If you could solve one problem affecting the lives of everyone in the Pacific Northwest, what would it be?

What would you be willing to give up to solve it?

WSU is working to solve many Grand Challenges. The one I’m telling you about today is a $10B per year problem that’s making us sick — the importing and use of fossil fuels in Washington State.

So here is my Grand Challenge:

Sustaining the Pacific Northwest via locally produced, clean, fuel.

More specifically, reducing the importation of carbon-based fossil fuels into Washington State to less than half of the status quo by 2050, when I’m eligible to retire.

Why?

The 7,310,300 residents of Washington State own 7,872,783 vehicles that nearly entirely burn imported fossil fuels. 46% of Washington State’s primary energy needs come from petroleum resulting in nearly half of the 94.4 Million Metric Tons of greenhouse gas emissions in our state in 2013. If those emissions were solid CO2 piled on top of CenturyLink field, it would be a pile 7.5 miles tall, every year. It’s a giant scar on our state — one that funnels $$$ billions out of our state to import those fuels, the emissions of which ultimately disrupt the lifespans of us and our ecosystems.

Breakdown the big three fossil fuel imports — 141.5 million barrels of oil, 308 billion cubic feet of natural gas, and 3.5 million short tons of coal — assume $60/barrel of oil, $3.00/thousand cubic feet of natural gas, $45/ton of coal, and that’s $8.5 billion lost to oil, 0.924 billion to natural gas, and $157.5 million to coal. That’s nearly $10 billion every year that would stay here in our state if we had domestic alternatives. Not to mention the reduction in medical bills from the reduced pollution.
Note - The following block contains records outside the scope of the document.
lemma qm_topology_eqI:
  assumes qm: "quasi_metric_on (topspace X) d"
    and balls_open: "\<And>x e. x \<in> topspace X \<Longrightarrow> 0 < e \<Longrightarrow> openin X (qball (topspace X) d x e)"
    and balls_small: "\<And>U x. openin X U \<Longrightarrow> x \<in> U \<Longrightarrow> \<exists>e>0. qball (topspace X) d x e \<subseteq> U"
  shows "qm_topology (topspace X) d = X"
  unfolding topology_eq openin_qm_topology[OF qm]
proof (intro allI iffI)
  fix U assume U: "U \<subseteq> topspace X \<and> (\<forall>x\<in>U. \<exists>e>0. qball (topspace X) d x e \<subseteq> U)"
  show "openin X U"
  proof (subst openin_subopen, intro ballI)
    fix x assume "x \<in> U"
    then obtain e where e: "e > 0" "qball (topspace X) d x e \<subseteq> U" and x: "x \<in> topspace X"
      using U by blast
    show "\<exists>T. openin X T \<and> x \<in> T \<and> T \<subseteq> U"
      using balls_open[OF x e(1)] centre_in_qball[OF qm x e(1)] e(2) by blast
  qed
next
  fix U assume U: "openin X U"
  then show "U \<subseteq> topspace X \<and> (\<forall>x\<in>U. \<exists>e>0. qball (topspace X) d x e \<subseteq> U)"
    using openin_subset[OF U] balls_small[OF U] by blast
qed
(* Let $\mathbb{X},\mathbb{Y}$ be real Banach spaces, $x\in S_{\mathbb{X}}$, $y\in S_{\mathbb{Y}}$. Then: (i) If $(x,y)$ is a CPP then $(x,y)$ is a weak CPP; the converse fails in general: in $\ell_\infty^2$, $((1,1),(1,-1))$ is a weak CPP but not a CPP. (ii) If $\mathbb{H}$ is a real Hilbert space, then for any $x,y\in S_{\mathbb{H}}$ the pair $(x,y)$ is a CPP, and $(r,1)$ is a CPP constant for it for every $r>0$. (iii) For every $x\in S_{\mathbb{X}}$, $(x,x)$ is a weak CPP; but $(x,x)$ need not be a CPP: in $\ell_\infty^2$, $((1,1),(1,1))$ is not a CPP. (iv) A pair need not be a weak CPP: in $\ell_\infty^2$, $((1,0),(1,1/2))$ is a weak CPP, but $((1,0),(1,1))$ is not a weak CPP. (v) If $(r_0,\mu_0)$ is a weak CPP constant (respectively, a CPP constant) for $(x,y)$, then $(r,\mu)$ is a weak CPP constant (respectively, a CPP constant) for $(x,y)$ for all $0<r\le r_0$ and $0<\mu\le\mu_0$. (vi) If $(x,y)$ is a CPP and $x$ is not an extreme point of $B_{\mathbb{X}}$, then $y$ is not an extreme point of $B_{\mathbb{Y}}$. The converse fails: in $\ell_\infty^2$, $((1,1),(1,0))$ is a CPP, $(1,0)$ is not an extreme point of $B_{\ell_\infty^2}$, while $(1,1)$ is an extreme point of $B_{\ell_\infty^2}$.
   Context: All Banach spaces are real and of dimension greater than $1$. $B_{\mathbb{X}}$ and $S_{\mathbb{X}}$ denote the closed unit ball and unit sphere; $B(x,r)=\{u:\|u-x\|<r\}$. For $x,y\in\mathbb{X}$, $x\perp_B y$ (Birkhoff–James orthogonality) means $\|x+\lambda y\|\ge\|x\|$ for all $\lambda\in\mathbb{R}$, and $x^{\perp}=\{y\in\mathbb{X}: x\perp_B y\}$. For $x\in S_{\mathbb{X}}$, $y\in S_{\mathbb{Y}}$: $(x,y)$ is a weak CPP (weakly compatible point pair) if there exist $z\in x^\perp\cap S_{\mathbb{X}}$, $w\in y^\perp\cap S_{\mathbb{Y}}$ and constants $r>0,\mu>0$ such that for all $a,b\in\mathbb{R}$, $ax+bz\in B(x,r)\cap S_{\mathbb{X}}$ implies $\|ay+b\mu w\|\le 1$; any such $(r,\mu)$ is a weak CPP constant for $(x,y)$. $(x,y)$ is a CPP (compatible point pair) if there exist $r>0,\mu>0$ such that for all $z\in x^\perp\cap S_{\mathbb{X}}$, all $w\in y^\perp\cap S_{\mathbb{Y}}$ and all $a,b\in\mathbb{R}$, $ax+bz\in B(x,r)\cap S_{\mathbb{X}}$ implies $\|ay+b\mu w\|\le1$; any such $(r,\mu)$ is a CPP constant for $(x,y)$. $\ell_\infty^2$ is $\mathbb{R}^2$ with the max norm. *)

theory Defs
  imports "HOL-Analysis.Analysis"
begin
definition dop :: "('o,'m) preadd_cat \<Rightarrow> (nat \<Rightarrow> nat \<Rightarrow> (int \<Rightarrow> int) \<Rightarrow> 'm) \<Rightarrow> nat \<Rightarrow> 'm" where
  "dop C Mf n = altsum C (degen Mf n) (n + 1)"

(* Karoubi operator; for n = 0 the term s_{-1,0} partial_{0,0} is zero *)
definition kappa :: "('o,'m) preadd_cat \<Rightarrow> (nat \<Rightarrow> nat \<Rightarrow> (int \<Rightarrow> int) \<Rightarrow> 'm) \<Rightarrow> nat \<Rightarrow> 'm" where
  "kappa C Mf n =
    (let x = (if n = 0 then cmp C (face Mf 1 0) (degen Mf 0 1)
              else add C (cmp C (face Mf (n + 1) 0) (degen Mf n (n + 1)))
                         (neg C (cmp C (degen Mf (n - 1) n) (face Mf n 0))))
     in if even n then x else neg C x)"

end

theory Submission
  imports "HOL-Algebra.AbelCoset" Defs
begin

(* Expanding b_(n+1) d_n and d_(n-1) b_n by bilinearity gives signed double sums of the
   composites \<partial>_i s_j and s_j \<partial>_i.  Since \<eta>_i \<epsilon>_i = \<eta>_i \<epsilon>_(i+1) = id in \<Lambda>+, the
   near-diagonal terms \<partial>_i s_i and \<partial>_(i+1) s_i of the first sum are identities, and their
   signed sum is 1.  Every other \<partial>_i s_j except \<partial>_0 s_(n+1) equals s_(j-1) \<partial>_i (if i < j)
   or s_j \<partial>_(i-1) (if i > j + 1); this matches those terms bijectively, with opposite signs,
   with all terms of the second sum except s_n \<partial>_0.  What survives is
   (-1)^(n+1) (\<partial>_0 s_(n+1) - s_n \<partial>_0) = -\<kappa>_n. *)

section \<open>The category \<Lambda>+\<close>

lemma periodic_shift:
  fixes f :: "int \<Rightarrow> int"
  assumes "\<And>j. f (j + P) = f j + Q"
  shows "f (j + q * P) = f j + q * Q"
proof (induction q rule: int_induct[of _ 0])
  case (step1 i)
  have "f (j + (i + 1) * P) = f ((j + i * P) + P)" by (simp add: algebra_simps)
  also have "\<dots> = f (j + i * P) + Q" by (rule assms)
  finally show ?case using step1 by (simp add: algebra_simps)
next
  case (step2 i)
  have "f (j + i * P) = f ((j + (i - 1) * P) + P)" by (simp add: algebra_simps)
  also have "\<dots> = f (j + (i - 1) * P) + Q" by (rule assms)
  finally show ?case using step2 by (simp add: algebra_simps)
qed simp

lemma periodic_reduce:
  fixes f :: "int \<Rightarrow> int"
  assumes "\<And>j. f (j + P) = f j + Q"
  shows "f j = f (j mod P) + (j div P) * Q"
  using periodic_shift[where f=f and P=P and Q=Q, OF assms, of "j mod P" "j div P"] by simp
(* Sub-Gaussian moment bound E exp(|xi - mu|^2 / (4 trace Sigma)) <= sqrt 2.  Almost surely
   |xi - mu|^2/(4s) is the convex combination, with weights Sigma_ii/s over the coordinates of
   positive variance, of (xi_i - mu_i)^2/(4 Sigma_ii), each of exponential moment <= sqrt 2. *)
lemma gaussian_vector_exp_square_moment:
  fixes \<xi> :: "'a \<Rightarrow> real^'p"
  assumes "prob_space M" "\<forall>v :: real^'p. 0 \<le> v \<bullet> (\<Sigma> *v v)"
    and "gaussian_vector M \<xi> \<mu> \<Sigma>" "trace \<Sigma> > 0"
  shows "(\<integral>\<^sup>+ x. ennreal (exp ((norm (\<xi> x - \<mu>))^2 / (4 * trace \<Sigma>))) \<partial>M) \<le> ennreal (sqrt 2)"
proof -
  note \<xi>_meas[measurable] = gaussian_vector_measurable[OF assms(3)]
  define s where "s = trace \<Sigma>"
  define I where "I = {i. \<Sigma>$i$i > 0}"
  define w where "w i = \<Sigma>$i$i / s" for i
  define f where "f i x = (\<xi> x $ i - \<mu> $ i)^2 / (4 * \<Sigma>$i$i)" for i x
  have diag_nonneg: "\<And>i. 0 \<le> \<Sigma>$i$i" using psd_diagonal_nonneg[OF assms(2)] .
  have s_pos: "s > 0" using assms(4) by (simp add: s_def)
  have s_sum: "s = (\<Sum>i\<in>I. \<Sigma>$i$i)"
    unfolding s_def trace_def I_def using diag_nonneg
    by (intro sum.mono_neutral_right) (auto simp: less_le)
  have w_sum: "sum w I = 1"
    using s_pos by (simp add: w_def s_sum[symmetric] sum_divide_distrib[symmetric])
  have "AE x in M. \<forall>i\<in>UNIV - I. \<xi> x $ i = \<mu> $ i"
    using gaussian_coordinate_degenerate[OF assms(1,3)] diag_nonneg
    by (intro AE_finite_allI) (auto simp: I_def less_le)
  then have AE_comb: "AE x in M. (norm (\<xi> x - \<mu>))^2 / (4 * s) = (\<Sum>i\<in>I. w i * f i x)"
  proof eventually_elim
    case (elim x)
    have "(norm (\<xi> x - \<mu>))^2 = (\<Sum>i\<in>UNIV. (\<xi> x $ i - \<mu> $ i)^2)"
      by (simp only: power2_norm_eq_inner) (simp add: inner_vec_def power2_eq_square)
    also have "\<dots> = (\<Sum>i\<in>I. (\<xi> x $ i - \<mu> $ i)^2)"
      using elim by (intro sum.mono_neutral_right) auto
    finally show ?case
      using s_pos by (simp add: sum_divide_distrib w_def f_def I_def mult.commute)
  qed
  have "(\<integral>\<^sup>+ x. ennreal (exp ((norm (\<xi> x - \<mu>))^2 / (4 * s))) \<partial>M)
      = (\<integral>\<^sup>+ x. ennreal (exp (\<Sum>i\<in>I. w i * f i x)) \<partial>M)"
    using AE_comb by (intro nn_integral_cong_AE) auto
  also have "\<dots> \<le> ennreal (sqrt 2)"
  proof (rule nn_integral_exp_convex_comb_le)
    fix i assume "i \<in> I"
    then have pos: "\<Sigma>$i$i > 0" by (simp add: I_def)
    then show "w i \<ge> 0" using s_pos by (simp add: w_def)
    show "f i \<in> borel_measurable M" unfolding f_def by measurable
    have "(\<integral>\<^sup>+ x. ennreal (exp ((1 / (4 * \<Sigma>$i$i)) * (\<xi> x $ i - \<mu> $ i)^2)) \<partial>M) \<le> ennreal (sqrt 2)"
      using pos gaussian_coordinate_char[OF assms(3)]
      by (intro normal_exp_square_moment_le[OF assms(1)]) auto
    then show "(\<integral>\<^sup>+ x. ennreal (exp (f i x)) \<partial>M) \<le> ennreal (sqrt 2)"
      by (simp add: f_def)
  qed (simp_all add: w_sum)
  finally show ?thesis by (simp add: s_def)
qed

theorem mainTheorem6:
  fixes M :: "'a measure" and \<xi> :: "'a \<Rightarrow> real^'p"
    and \<mu> :: "real^'p" and \<Sigma> :: "real^'p^'p"
  assumes "prob_space M"
    and "transpose \<Sigma> = \<Sigma>"
    and "\<forall>v :: real^'p. 0 \<le> v \<bullet> (\<Sigma> *v v)"
    and "gaussian_vector M \<xi> \<mu> \<Sigma>"
    and "trace \<Sigma> < 1 / (4 * exp 1)"
  shows "ky_fan_dist M \<xi> (\<lambda>_. \<mu>) \<le> sqrt (- 4 * trace \<Sigma> * ln (4 * trace \<Sigma>))"
proof -
  note \<xi>_meas[measurable] = gaussian_vector_measurable[OF assms(4)]
  have "trace \<Sigma> \<ge> 0"
    unfolding trace_def using psd_diagonal_nonneg[OF assms(3)] by (intro sum_nonneg) auto
  then consider "trace \<Sigma> = 0" | "trace \<Sigma> > 0" by linarith
  then show ?thesis
  proof cases
    case 1
    then have "AE x in M. \<xi> x = \<mu>" by (rule gaussian_vector_trace_zero[OF assms(1,3,4)])
    then show ?thesis using ky_fan_dist_AE_eq[OF \<xi>_meas] 1 by simp
  next
    case 2
    define u where "u = 4 * trace \<Sigma>"
    define eps where "eps = sqrt (- u * ln u)"
    have u: "0 < u" "u < 1 / exp 1" using 2 assms(5) by (simp_all add: u_def field_simps)
    have eps_gt: "sqrt 2 * u < eps" unfolding eps_def by (rule sqrt2_mult_lt_sqrt_entropy[OF u])
    moreover have "0 < sqrt 2 * u" using u by simp
    ultimately have "eps > 0" by linarith
    then have "exp (- (1 / u) * eps^2) = u" using u by (simp add: eps_def)
    moreover have "measure M {x \<in> space M. norm (\<xi> x - \<mu>) > eps} \<le> sqrt 2 * exp (- (1 / u) * eps^2)"
    proof (rule tail_le_exp_square_moment[OF assms(1)])
      show "(\<lambda>x. norm (\<xi> x - \<mu>)) \<in> borel_measurable M" by measurable
      show "(\<integral>\<^sup>+ x. ennreal (exp (1 / u * (norm (\<xi> x - \<mu>))^2)) \<partial>M) \<le> ennreal (sqrt 2)"
        using gaussian_vector_exp_square_moment[OF assms(1,3,4) 2] by (simp add: u_def)
    qed (use u \<open>eps > 0\<close> in auto)
    ultimately have "ky_fan_dist M \<xi> (\<lambda>_. \<mu>) \<le> eps"
      using eps_gt \<open>eps > 0\<close> by (intro ky_fan_dist_le) auto
    then show ?thesis by (simp add: eps_def u_def)
  qed
qed

end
Moreover, an alternative like hydrogen is a primary feedstock for many chemical processes, including fertilizer, that we also import.

What will we replace Fossils with? — Electrofuels – primarily Hydrogen

More than 3/4 of Washington State’s electricity generation is from renewable sources in the Columbia basin, making Washington the 2nd largest renewable energy producer in the United States. We produce so much electricity that over half is distributed elsewhere via the Western Interconnect. Here’s a breakdown by power generation type for the Bonneville Power Administration:

Note the monthly variation in Hydro Generated associated with spring run-off, how we vary the output of our single nuclear power plant (Thermal Generated) to adjust for the variable load, and that more power is sent to California (Net Interchange) than we use (Net Load). We see something interesting when we take a closer look at the Wind Generated. In the below right figure you see the increase in installed wind generation capacity for BPA, a nice exponential increase that hit a wall in 2012. The lower left figure, a map of Current and Proposed Wind Projects in the Columbia Gorge, shows that the limit in generation capacity wasn’t due to a lack of sites. The limit is our ability to control the daily fluctuations in renewable power supply.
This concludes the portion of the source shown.